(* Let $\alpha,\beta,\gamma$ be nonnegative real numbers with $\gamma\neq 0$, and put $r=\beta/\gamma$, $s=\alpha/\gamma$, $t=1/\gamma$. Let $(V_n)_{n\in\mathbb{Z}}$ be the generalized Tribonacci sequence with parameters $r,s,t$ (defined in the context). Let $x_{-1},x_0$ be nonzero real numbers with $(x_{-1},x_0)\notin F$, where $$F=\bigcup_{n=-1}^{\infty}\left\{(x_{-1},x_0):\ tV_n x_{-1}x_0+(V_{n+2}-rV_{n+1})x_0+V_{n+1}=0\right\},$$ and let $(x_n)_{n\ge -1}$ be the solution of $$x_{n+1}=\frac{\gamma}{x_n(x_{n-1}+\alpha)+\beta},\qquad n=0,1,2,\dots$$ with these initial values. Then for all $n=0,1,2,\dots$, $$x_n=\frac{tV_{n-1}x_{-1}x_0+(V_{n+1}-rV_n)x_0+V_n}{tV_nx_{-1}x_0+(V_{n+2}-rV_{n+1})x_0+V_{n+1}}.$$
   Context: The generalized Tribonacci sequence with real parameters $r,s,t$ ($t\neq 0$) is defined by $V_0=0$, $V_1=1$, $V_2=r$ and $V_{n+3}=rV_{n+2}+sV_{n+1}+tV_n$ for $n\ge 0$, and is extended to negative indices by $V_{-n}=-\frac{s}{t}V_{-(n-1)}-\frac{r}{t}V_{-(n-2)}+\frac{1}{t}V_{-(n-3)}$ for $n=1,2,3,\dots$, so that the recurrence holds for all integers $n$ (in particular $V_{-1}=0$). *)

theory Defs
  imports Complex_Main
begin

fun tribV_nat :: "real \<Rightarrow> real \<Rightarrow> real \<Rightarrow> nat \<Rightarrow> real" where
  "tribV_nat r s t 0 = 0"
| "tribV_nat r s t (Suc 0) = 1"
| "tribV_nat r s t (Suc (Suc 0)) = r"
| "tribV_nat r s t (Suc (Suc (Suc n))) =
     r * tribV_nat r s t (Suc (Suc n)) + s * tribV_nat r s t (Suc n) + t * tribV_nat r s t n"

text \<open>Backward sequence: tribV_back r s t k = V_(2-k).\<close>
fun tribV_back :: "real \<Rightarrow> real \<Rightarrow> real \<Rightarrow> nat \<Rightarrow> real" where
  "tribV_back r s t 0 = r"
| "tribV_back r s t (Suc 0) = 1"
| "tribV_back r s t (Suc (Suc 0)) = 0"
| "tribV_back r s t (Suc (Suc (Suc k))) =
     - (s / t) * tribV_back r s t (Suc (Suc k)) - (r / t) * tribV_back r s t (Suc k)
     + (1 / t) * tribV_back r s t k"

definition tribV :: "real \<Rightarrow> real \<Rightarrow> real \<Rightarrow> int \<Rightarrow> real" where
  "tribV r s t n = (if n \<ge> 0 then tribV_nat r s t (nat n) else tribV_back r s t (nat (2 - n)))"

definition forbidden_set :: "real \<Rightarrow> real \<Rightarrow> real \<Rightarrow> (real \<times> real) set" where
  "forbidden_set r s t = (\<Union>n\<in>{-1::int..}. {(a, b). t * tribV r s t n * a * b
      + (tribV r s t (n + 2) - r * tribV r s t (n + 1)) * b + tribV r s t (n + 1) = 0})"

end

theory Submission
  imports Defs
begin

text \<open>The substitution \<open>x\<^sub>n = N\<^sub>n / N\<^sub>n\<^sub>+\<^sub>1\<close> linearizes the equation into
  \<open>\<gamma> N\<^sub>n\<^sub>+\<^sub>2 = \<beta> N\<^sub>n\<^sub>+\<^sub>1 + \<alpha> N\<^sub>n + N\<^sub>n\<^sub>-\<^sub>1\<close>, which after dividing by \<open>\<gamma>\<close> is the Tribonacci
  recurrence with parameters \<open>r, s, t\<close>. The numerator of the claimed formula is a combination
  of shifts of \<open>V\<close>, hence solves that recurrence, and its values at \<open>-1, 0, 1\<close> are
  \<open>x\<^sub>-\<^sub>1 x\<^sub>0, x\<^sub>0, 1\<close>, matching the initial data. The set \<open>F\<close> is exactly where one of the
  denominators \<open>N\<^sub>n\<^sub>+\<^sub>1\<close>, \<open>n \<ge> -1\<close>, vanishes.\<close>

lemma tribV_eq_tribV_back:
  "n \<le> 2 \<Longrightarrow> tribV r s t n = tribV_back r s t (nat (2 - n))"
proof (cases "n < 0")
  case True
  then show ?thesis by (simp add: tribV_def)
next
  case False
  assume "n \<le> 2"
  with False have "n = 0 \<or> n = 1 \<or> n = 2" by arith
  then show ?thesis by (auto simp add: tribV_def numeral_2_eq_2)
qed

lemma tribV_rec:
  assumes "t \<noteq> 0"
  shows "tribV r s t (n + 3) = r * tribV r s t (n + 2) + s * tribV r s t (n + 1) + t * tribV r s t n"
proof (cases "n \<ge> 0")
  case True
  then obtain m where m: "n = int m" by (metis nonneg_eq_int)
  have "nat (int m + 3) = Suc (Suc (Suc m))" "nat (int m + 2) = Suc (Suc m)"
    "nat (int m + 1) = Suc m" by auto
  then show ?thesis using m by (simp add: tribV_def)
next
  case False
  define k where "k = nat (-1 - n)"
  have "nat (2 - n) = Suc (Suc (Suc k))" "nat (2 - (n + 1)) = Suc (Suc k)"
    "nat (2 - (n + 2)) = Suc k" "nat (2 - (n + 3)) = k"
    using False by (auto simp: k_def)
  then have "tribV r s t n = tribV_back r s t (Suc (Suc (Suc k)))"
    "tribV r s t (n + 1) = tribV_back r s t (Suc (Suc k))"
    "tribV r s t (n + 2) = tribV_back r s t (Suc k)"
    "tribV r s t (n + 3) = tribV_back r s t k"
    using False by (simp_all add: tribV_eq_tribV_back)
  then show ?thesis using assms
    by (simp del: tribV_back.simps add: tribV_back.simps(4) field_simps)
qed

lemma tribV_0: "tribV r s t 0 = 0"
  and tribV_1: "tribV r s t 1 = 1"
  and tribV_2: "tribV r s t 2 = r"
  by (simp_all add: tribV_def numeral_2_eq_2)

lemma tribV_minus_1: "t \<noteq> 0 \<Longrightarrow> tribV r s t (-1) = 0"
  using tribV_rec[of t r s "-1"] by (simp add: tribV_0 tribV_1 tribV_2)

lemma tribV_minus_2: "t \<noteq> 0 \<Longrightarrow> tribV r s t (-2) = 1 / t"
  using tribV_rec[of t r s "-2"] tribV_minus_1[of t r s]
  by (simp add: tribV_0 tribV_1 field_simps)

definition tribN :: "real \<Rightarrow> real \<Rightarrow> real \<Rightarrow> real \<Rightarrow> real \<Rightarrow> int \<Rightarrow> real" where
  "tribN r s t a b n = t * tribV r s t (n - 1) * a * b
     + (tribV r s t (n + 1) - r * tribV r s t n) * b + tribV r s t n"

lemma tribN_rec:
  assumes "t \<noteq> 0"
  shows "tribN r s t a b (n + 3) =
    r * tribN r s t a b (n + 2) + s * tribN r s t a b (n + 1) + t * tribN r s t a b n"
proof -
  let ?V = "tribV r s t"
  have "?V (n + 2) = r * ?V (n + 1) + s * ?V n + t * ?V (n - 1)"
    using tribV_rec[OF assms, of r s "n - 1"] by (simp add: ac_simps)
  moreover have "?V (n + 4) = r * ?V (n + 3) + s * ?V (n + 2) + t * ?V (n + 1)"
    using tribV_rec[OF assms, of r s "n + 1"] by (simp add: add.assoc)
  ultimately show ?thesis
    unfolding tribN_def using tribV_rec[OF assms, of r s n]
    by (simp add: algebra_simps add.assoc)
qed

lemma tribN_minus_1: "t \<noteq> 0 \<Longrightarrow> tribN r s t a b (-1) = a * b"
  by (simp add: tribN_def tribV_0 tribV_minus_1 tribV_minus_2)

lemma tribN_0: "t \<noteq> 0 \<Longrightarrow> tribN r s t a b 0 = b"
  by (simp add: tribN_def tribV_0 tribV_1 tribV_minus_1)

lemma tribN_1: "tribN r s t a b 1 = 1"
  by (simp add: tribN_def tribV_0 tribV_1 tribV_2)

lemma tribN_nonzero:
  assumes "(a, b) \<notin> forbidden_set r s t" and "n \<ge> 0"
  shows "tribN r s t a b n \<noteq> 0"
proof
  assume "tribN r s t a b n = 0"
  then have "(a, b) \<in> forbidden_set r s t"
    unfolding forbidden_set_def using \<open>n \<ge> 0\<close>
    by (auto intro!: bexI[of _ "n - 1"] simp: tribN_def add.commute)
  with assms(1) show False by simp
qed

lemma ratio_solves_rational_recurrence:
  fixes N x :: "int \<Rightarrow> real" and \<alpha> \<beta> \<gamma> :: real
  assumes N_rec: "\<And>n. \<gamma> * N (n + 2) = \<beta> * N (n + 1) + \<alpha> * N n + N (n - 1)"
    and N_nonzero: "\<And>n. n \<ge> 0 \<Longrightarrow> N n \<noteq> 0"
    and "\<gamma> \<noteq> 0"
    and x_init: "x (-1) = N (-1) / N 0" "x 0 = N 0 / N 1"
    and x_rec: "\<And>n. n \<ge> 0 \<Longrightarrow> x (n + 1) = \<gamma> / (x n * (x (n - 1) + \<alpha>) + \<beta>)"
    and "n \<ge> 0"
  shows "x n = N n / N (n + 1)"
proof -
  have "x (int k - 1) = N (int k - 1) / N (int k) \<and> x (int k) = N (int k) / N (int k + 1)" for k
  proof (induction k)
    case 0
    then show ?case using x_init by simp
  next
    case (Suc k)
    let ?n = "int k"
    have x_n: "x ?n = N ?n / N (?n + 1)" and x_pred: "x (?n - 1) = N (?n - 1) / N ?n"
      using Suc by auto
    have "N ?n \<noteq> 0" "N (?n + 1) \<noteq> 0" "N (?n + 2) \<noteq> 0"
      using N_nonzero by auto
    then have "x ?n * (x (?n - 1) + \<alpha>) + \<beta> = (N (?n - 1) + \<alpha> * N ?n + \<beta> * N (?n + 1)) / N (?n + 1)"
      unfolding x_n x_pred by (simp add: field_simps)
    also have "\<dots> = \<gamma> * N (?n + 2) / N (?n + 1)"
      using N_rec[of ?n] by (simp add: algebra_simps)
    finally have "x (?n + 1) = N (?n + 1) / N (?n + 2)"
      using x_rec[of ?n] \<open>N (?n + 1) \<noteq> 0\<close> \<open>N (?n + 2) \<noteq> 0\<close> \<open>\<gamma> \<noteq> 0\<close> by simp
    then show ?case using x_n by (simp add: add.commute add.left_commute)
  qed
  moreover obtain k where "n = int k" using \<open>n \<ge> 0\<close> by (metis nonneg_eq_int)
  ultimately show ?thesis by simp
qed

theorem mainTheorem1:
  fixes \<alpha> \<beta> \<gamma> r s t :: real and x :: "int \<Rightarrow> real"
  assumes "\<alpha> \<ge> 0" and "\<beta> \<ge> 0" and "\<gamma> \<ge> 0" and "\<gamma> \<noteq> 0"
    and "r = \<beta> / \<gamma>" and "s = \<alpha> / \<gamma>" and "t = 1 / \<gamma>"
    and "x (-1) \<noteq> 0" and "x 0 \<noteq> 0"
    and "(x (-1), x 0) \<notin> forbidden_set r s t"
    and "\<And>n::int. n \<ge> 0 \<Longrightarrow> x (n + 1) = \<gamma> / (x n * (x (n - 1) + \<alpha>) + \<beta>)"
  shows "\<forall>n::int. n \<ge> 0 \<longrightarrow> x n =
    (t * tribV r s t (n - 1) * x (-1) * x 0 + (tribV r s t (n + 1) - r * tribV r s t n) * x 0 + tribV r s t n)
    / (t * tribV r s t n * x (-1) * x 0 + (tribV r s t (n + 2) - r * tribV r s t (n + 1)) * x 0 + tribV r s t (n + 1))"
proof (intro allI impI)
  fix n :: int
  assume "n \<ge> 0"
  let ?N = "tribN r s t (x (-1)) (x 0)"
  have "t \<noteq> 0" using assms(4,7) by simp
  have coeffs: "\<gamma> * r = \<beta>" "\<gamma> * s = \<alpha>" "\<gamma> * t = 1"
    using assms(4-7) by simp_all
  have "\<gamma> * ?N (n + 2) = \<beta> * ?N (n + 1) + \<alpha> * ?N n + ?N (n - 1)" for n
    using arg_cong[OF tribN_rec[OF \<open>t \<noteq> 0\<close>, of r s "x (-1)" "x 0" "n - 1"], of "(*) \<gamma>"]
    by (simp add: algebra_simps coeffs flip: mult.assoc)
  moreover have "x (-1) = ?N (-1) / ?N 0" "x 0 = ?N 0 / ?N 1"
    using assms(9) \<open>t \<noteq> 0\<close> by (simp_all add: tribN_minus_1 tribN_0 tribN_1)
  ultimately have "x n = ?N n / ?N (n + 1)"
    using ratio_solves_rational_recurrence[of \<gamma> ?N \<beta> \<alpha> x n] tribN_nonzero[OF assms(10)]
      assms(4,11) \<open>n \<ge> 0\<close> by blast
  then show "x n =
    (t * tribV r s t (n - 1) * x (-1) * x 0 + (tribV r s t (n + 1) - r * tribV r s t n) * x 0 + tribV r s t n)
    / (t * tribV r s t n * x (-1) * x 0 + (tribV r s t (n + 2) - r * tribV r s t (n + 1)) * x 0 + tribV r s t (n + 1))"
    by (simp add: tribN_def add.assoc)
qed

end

======

● **Exercise details**
Find the lines above that hold "with", then copy each of them.

● **Reply to the exercise**
(* Let $\alpha,\beta,\gamma$ be nonnegative real numbers with $\gamma\neq 0$, and put $r=\beta/\gamma$, $s=\alpha/\gamma$, $t=1/\gamma$. Let $(V_n)_{n\in\mathbb{Z}}$ be the generalized Tribonacci sequence with parameters $r,s,t$ (defined in the context). Let $x_{-1},x_0$ be nonzero real numbers with $(x_{-1},x_0)\notin F$, where $$F=\bigcup_{n=-1}^{\infty}\left\{(x_{-1},x_0):\ tV_n x_{-1}x_0+(V_{n+2}-rV_{n+1})x_0+V_{n+1}=0\right\},$$ and let $(x_n)_{n\ge -1}$ be the solution of $$x_{n+1}=\frac{\gamma}{x_n(x_{n-1}+\alpha)+\beta},\qquad n=0,1,2,\dots$$ with these initial values. Then for all $n=0,1,2,\dots$, $$x_n=\frac{tV_{n-1}x_{-1}x_0+(V_{n+1}-rV_n)x_0+V_n}{tV_nx_{-1}x_0+(V_{n+2}-rV_{n+1})x_0+V_{n+1}}.$$
   Context: The generalized Tribonacci sequence with real parameters $r,s,t$ ($t\neq 0$) is defined by $V_0=0$, $V_1=1$, $V_2=r$ and $V_{n+3}=rV_{n+2}+sV_{n+1}+tV_n$ for $n\ge 0$, and is extended to negative indices by $V_{-n}=-\frac{s}{t}V_{-(n-1)}-\frac{r}{t}V_{-(n-2)}+\frac{1}{t}V_{-(n-3)}$ for $n=1,2,3,\dots$, so that the recurrence holds for all integers $n$ (in particular $V_{-1}=0$). *)
  recurrence with parameters \<open>r, s, t\<close>. The numerator of the claimed formula is a combination
  with False have "n = 0 \<or> n = 1 \<or> n = 2" by arith
  with assms(1) show False by simp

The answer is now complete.